Information supplied
------------------------------------------------

lemma solves_on_R_diff:
  assumes "solves_on_R A g x" and "solves_on_R A k y"
  shows "solves_on_R A (\<lambda>t. g t - k t) (\<lambda>t. x t - y t)"
  using has_vector_derivative_diff assms
  by (fastforce simp: solves_on_R_def matrix_vector_mult_diff_distrib algebra_simps)

lemma solves_on_R_unique:
  fixes A :: "real \<Rightarrow> real^'n^'n" and g :: "real \<Rightarrow> real^'n \<Rightarrow> real^'n"
  assumes A: "\<And>t v. norm (A t *v v) \<le> M * norm v"
    and Lipschitz: "\<And>t u v. norm (g t u - g t v) \<le> L t * norm (u - v)"
    and \<Phi>: "\<And>t. (\<Phi> has_real_derivative L t) (at t)"
    and x: "solves_on_R A (\<lambda>t. g t (x t)) x" and y: "solves_on_R A (\<lambda>t. g t (y t)) y"
    and init: "x t\<^sub>0 = y t\<^sub>0"
  shows "x t = y t"
proof (rule has_vector_derivative_unique_Lipschitz
    [where F = "\<lambda>t v. A t *v v + g t v" and \<Phi> = "\<lambda>t. M * t + \<Phi> t" and t\<^sub>0 = t\<^sub>0])
  show "(x has_vector_derivative A t *v x t + g t (x t)) (at t)"
    and "(y has_vector_derivative A t *v y t + g t (y t)) (at t)" for t
    using x y by (simp_all add: solves_on_R_def)
  show "((\<lambda>t. M * t + \<Phi> t) has_real_derivative M + L t) (at t)" for t
    using DERIV_add[OF DERIV_cmult[OF DERIV_ident] \<Phi>] by simp
  show "norm ((A t *v u + g t u) - (A t *v v + g t v)) \<le> (M + L t) * norm (u - v)" for t u v
  proof -
    have "(A t *v u + g t u) - (A t *v v + g t v) = A t *v (u - v) + (g t u - g t v)"
      by (simp add: matrix_vector_mult_diff_distrib)
    also have "norm \<dots> \<le> M * norm (u - v) + L t * norm (u - v)"
      by (rule order.trans[OF norm_triangle_ineq add_mono[OF A Lipschitz]])
    finally show ?thesis by (simp add: algebra_simps)
  qed
qed (fact init)

lemma solves_on_R_homogeneous_evolution:
  fixes A :: "real \<Rightarrow> real^'n^'n" and T :: "real \<Rightarrow> real \<Rightarrow> real^'n^'n"
  assumes A: "\<And>t v. norm (A t *v v) \<le> M * norm v"
    and T_init: "\<And>s. T s s = mat 1"
    and T_deriv: "\<And>t s. ((\<lambda>t. T t s) has_vector_derivative (A t ** T t s)) (at t)"
    and z: "solves_on_R A (\<lambda>t. 0) z"
  shows "z t = T t s *v z s"
proof (rule solves_on_R_unique[where g = "\<lambda>t v. 0" and L = "\<lambda>t. 0" and \<Phi> = "\<lambda>t. 0"
    and x = z and y = "\<lambda>t. T t s *v z s" and t\<^sub>0 = s, OF A])
  show "solves_on_R A (\<lambda>t. 0) (\<lambda>t. T t s *v z s)"
    using bounded_linear.has_vector_derivative[OF bounded_linear_matrix_vector_mult_left T_deriv]
    by (simp add: solves_on_R_def matrix_vector_mul_assoc)
qed (use z T_init in simp_all)

lemma eq_0_if_norm_le_tendsto_0:
  fixes v :: "'a::real_normed_vector"
  assumes "F \<noteq> bot" and "(b \<longlongrightarrow> 0) F" and "eventually (\<lambda>s. norm v \<le> b s) F"
  shows "v = 0"
  using tendsto_le[OF assms(1) assms(2) tendsto_const assms(3)] by simp

text \<open>A bounded orbit of an evolution with a dichotomy vanishes: its stable component
  \<open>P(t) z(t)\<close> is controlled from the far past and its unstable component from the far future.\<close>
lemma dichotomy_bounded_orbit_zero:
  fixes T :: "real \<Rightarrow> real \<Rightarrow> real^'n^'n" and P :: "real \<Rightarrow> real^'n^'n" and z :: "real \<Rightarrow> real^'n"
  assumes mu_pos: "\<And>t. mu t > 0"
    and mu_bot: "(mu \<longlongrightarrow> 0) at_bot"
    and mu_top: "filterlim mu at_top at_top"
    and alpha_pos: "\<alpha> > 0"
    and P_inv: "\<And>t s. T t s ** P s = P t ** T t s"
    and dich_P: "\<And>t s. t \<ge> s \<Longrightarrow> mnorm (T t s ** P s) \<le> K * (mu t / mu s) powr (-\<alpha>)"
    and dich_Q: "\<And>t s. t \<le> s \<Longrightarrow> mnorm (T t s ** (mat 1 - P s)) \<le> K * (mu s / mu t) powr (-\<alpha>)"
    and orbit: "\<And>t s. z t = T t s *v z s"
    and bounded: "bounded (range z)"
  shows "z t = 0"
proof -
  obtain C where C: "\<And>s. norm (z s) \<le> C"
    using bounded by (auto simp: bounded_iff)
  have powr_swap: "(mu a / mu b) powr (-\<alpha>) = (mu b / mu a) powr \<alpha>" for a b
    using mu_pos[of a] mu_pos[of b] by (simp add: powr_minus powr_divide)
  have "eventually (\<lambda>s. norm (P t *v z t) \<le> K * (mu s / mu t) powr \<alpha> * C) at_bot"
  proof (rule eventually_at_bot_linorderI)
    fix s assume "s \<le> t"
    have "P t *v z t = (T t s ** P s) *v z s"
      by (simp add: orbit[of t s] matrix_vector_mul_assoc P_inv)
    also have "norm \<dots> \<le> mnorm (T t s ** P s) * norm (z s)"
      by (rule norm_matrix_vector_le_mnorm)
    also have "\<dots> \<le> K * (mu s / mu t) powr \<alpha> * C"
      using dich_P[OF \<open>s \<le> t\<close>] by (intro mult_mono' C mnorm_nonneg norm_ge_zero) (simp add: powr_swap)
    finally show "norm (P t *v z t) \<le> K * (mu s / mu t) powr \<alpha> * C" .
  qed
  moreover have "((\<lambda>s. K * (mu s / mu t) powr \<alpha> * C) \<longlongrightarrow> 0) at_bot"
    using mu_bot mu_pos alpha_pos
    by (intro tendsto_mult_left_zero tendsto_mult_right_zero tendsto_zero_powrI)
       (auto intro!: tendsto_divide_zero always_eventually less_imp_le)
  ultimately have stable: "P t *v z t = 0"
    by (rule eq_0_if_norm_le_tendsto_0[OF trivial_limit_at_bot_linorder, rotated])
  have "eventually (\<lambda>s. norm ((mat 1 - P t) *v z t) \<le> K * (mu t / mu s) powr \<alpha> * C) at_top"
  proof (rule eventually_at_top_linorderI)
    fix s assume "t \<le> s"
    have "(mat 1 - P t) *v z t = T t s *v z s - (T t s ** P s) *v z s"
      by (simp add: orbit[of t s] matrix_vector_mult_diff_rdistrib matrix_vector_mul_assoc[symmetric]
          P_inv)
    also have "\<dots> = (T t s ** (mat 1 - P s)) *v z s"
      by (simp add: matrix_vector_mul_assoc[symmetric] matrix_vector_mult_diff_distrib
          matrix_vector_mult_diff_rdistrib)
    also have "norm \<dots> \<le> mnorm (T t s ** (mat 1 - P s)) * norm (z s)"
      by (rule norm_matrix_vector_le_mnorm)
    also have "\<dots> \<le> K * (mu t / mu s) powr \<alpha> * C"
      using dich_Q[OF \<open>t \<le> s\<close>] by (intro mult_mono' C mnorm_nonneg norm_ge_zero) (simp add: powr_swap)
    finally show "norm ((mat 1 - P t) *v z t) \<le> K * (mu t / mu s) powr \<alpha> * C" .
  qed
  moreover have "((\<lambda>s. K * (mu t / mu s) powr \<alpha> * C) \<longlongrightarrow> 0) at_top"
    using mu_top mu_pos alpha_pos
    by (intro tendsto_mult_left_zero tendsto_mult_right_zero tendsto_zero_powrI
        tendsto_divide_0[OF tendsto_const] filterlim_at_top_imp_at_infinity)
       (auto intro!: always_eventually less_imp_le)
  ultimately have unstable: "(mat 1 - P t) *v z t = 0"
    by (rule eq_0_if_norm_le_tendsto_0[OF trivial_limit_at_top_linorder, rotated])
  from stable unstable show ?thesis
    by (simp add: matrix_vector_mult_diff_rdistrib)
qed

theorem lemma3p5:
  fixes A :: "real \<Rightarrow> real^'n^'n"
    and T :: "real \<Rightarrow> real \<Rightarrow> real^'n^'n"
    and P :: "real \<Rightarrow> real^'n^'n"
    and mu mu' :: "real \<Rightarrow> real"
    and K \<alpha> \<beta> \<gamma> :: real
    and f :: "real \<Rightarrow> real^'n \<Rightarrow> real^'n"
    and X :: "real \<Rightarrow> real \<Rightarrow> real^'n \<Rightarrow> real^'n"
    and h :: "real \<Rightarrow> real \<Rightarrow> real^'n \<Rightarrow> real^'n"
    and t0 :: real and x0 :: "real^'n"
  assumes A_cont: "continuous_on UNIV A"
    and A_bdd: "bounded (range A)"
    and T_init: "\<And>s. T s s = mat 1"
    and T_deriv: "\<And>t s. ((\<lambda>t. T t s) has_vector_derivative (A t ** T t s)) (at t)"
    and mu_pos: "\<And>t. mu t > 0"
    and mu_incr: "strict_mono mu"
    and mu_deriv: "\<And>t. (mu has_real_derivative mu' t) (at t)"
    and mu_0: "mu 0 = 1"
    and mu_bot: "(mu \<longlongrightarrow> 0) at_bot"
    and mu_top: "filterlim mu at_top at_top"
    and P_proj: "\<And>s. P s ** P s = P s"
    and K_pos: "K > 0" and alpha_pos: "\<alpha> > 0"
    and P_inv: "\<And>t s. T t s ** P s = P t ** T t s"
    and dich_P: "\<And>t s. t \<ge> s \<Longrightarrow> mnorm (T t s ** P s) \<le> K * (mu t / mu s) powr (-\<alpha>)"
    and dich_Q: "\<And>t s. t \<le> s \<Longrightarrow> mnorm (T t s ** (mat 1 - P s)) \<le> K * (mu s / mu t) powr (-\<alpha>)"
    and f_cont: "continuous_on UNIV (\<lambda>(t, x). f t x)"
    and beta_nonneg: "\<beta> \<ge> 0" and gamma_nonneg: "\<gamma> \<ge> 0"
    and f_bdd: "\<And>t x. norm (f t x) \<le> \<beta> * mu' t * inverse (mu t)"
    and f_lip: "\<And>t x1 x2. norm (f t x1 - f t x2) \<le> \<gamma> * mu' t * inverse (mu t) * norm (x1 - x2)"
    and small: "6 * K * \<gamma> / \<alpha> < 1"
    and X_sol: "\<And>\<tau> \<xi>. solves_on_R A (\<lambda>t. f t (X t \<tau> \<xi>)) (\<lambda>t. X t \<tau> \<xi>) \<and> X \<tau> \<tau> \<xi> = \<xi>"
    and h_sol: "\<And>\<tau> \<xi>. solves_on_R A (\<lambda>t. - f t (X t \<tau> \<xi>)) (\<lambda>t. h t \<tau> \<xi>)
                      \<and> bounded (range (\<lambda>t. h t \<tau> \<xi>))"
  shows "solves_on_R A (\<lambda>t. 0) (\<lambda>t. Hmap h t (X t t0 x0))"
proof -
  obtain M where A_bound: "\<And>t v. norm (A t *v v) \<le> M * norm v"
    using bounded_range_imp_matrix_vector_bound[OF A_bdd] by blast
  have ln_mu: "((\<lambda>t. \<gamma> * ln (mu t)) has_real_derivative \<gamma> * mu' t * inverse (mu t)) (at t)" for t
    using DERIV_cmult[OF DERIV_ln_divide[THEN DERIV_chain2, OF mu_pos mu_deriv], of \<gamma>]
    by (simp add: field_simps)
  have flow: "X s t (X t t0 x0) = X s t0 x0" for s t
    using solves_on_R_unique[where A = A and g = f and x = "\<lambda>s. X s t (X t t0 x0)"
        and y = "\<lambda>s. X s t0 x0" and t\<^sub>0 = t, OF A_bound f_lip ln_mu] X_sol by simp
  have h_flow: "h s t (X t t0 x0) = h s t0 x0" for s t
  proof -
    let ?z = "\<lambda>s. h s t (X t t0 x0) - h s t0 x0"
    have "solves_on_R A (\<lambda>s. 0) ?z"
      using solves_on_R_diff[OF h_sol[of t "X t t0 x0", THEN conjunct1] h_sol[of t0 x0, THEN conjunct1]]
      by (simp add: flow)
    moreover have "bounded (range ?z)"
      using h_sol by (intro bounded_minus_comp) auto
    ultimately have "?z s = 0"
      by (intro dichotomy_bounded_orbit_zero[OF mu_pos mu_bot mu_top alpha_pos P_inv dich_P dich_Q]
          solves_on_R_homogeneous_evolution[OF A_bound T_init T_deriv])
    then show ?thesis by simp
  qed
  have "solves_on_R A (\<lambda>t. 0) (\<lambda>t. X t t0 x0 + h t t0 x0)"
    using solves_on_R_add[OF X_sol[of t0 x0, THEN conjunct1] h_sol[of t0 x0, THEN conjunct1]]
    by simp
  then show ?thesis
    by (simp add: Hmap_def h_flow)
qed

------------------------------------------------

Beginning at the line with "bounded (range (\<lambda>t." and stopping after the line with "obtain M where", please write out every line of the data above exactly and nothing else.

Your response
                      \<and> bounded (range (\<lambda>t. h t \<tau> \<xi>))"
  shows "solves_on_R A (\<lambda>t. 0) (\<lambda>t. Hmap h t (X t t0 x0))"
proof -
  obtain M where A_bound: "\<And>t v. norm (A t *v v) \<le> M * norm v"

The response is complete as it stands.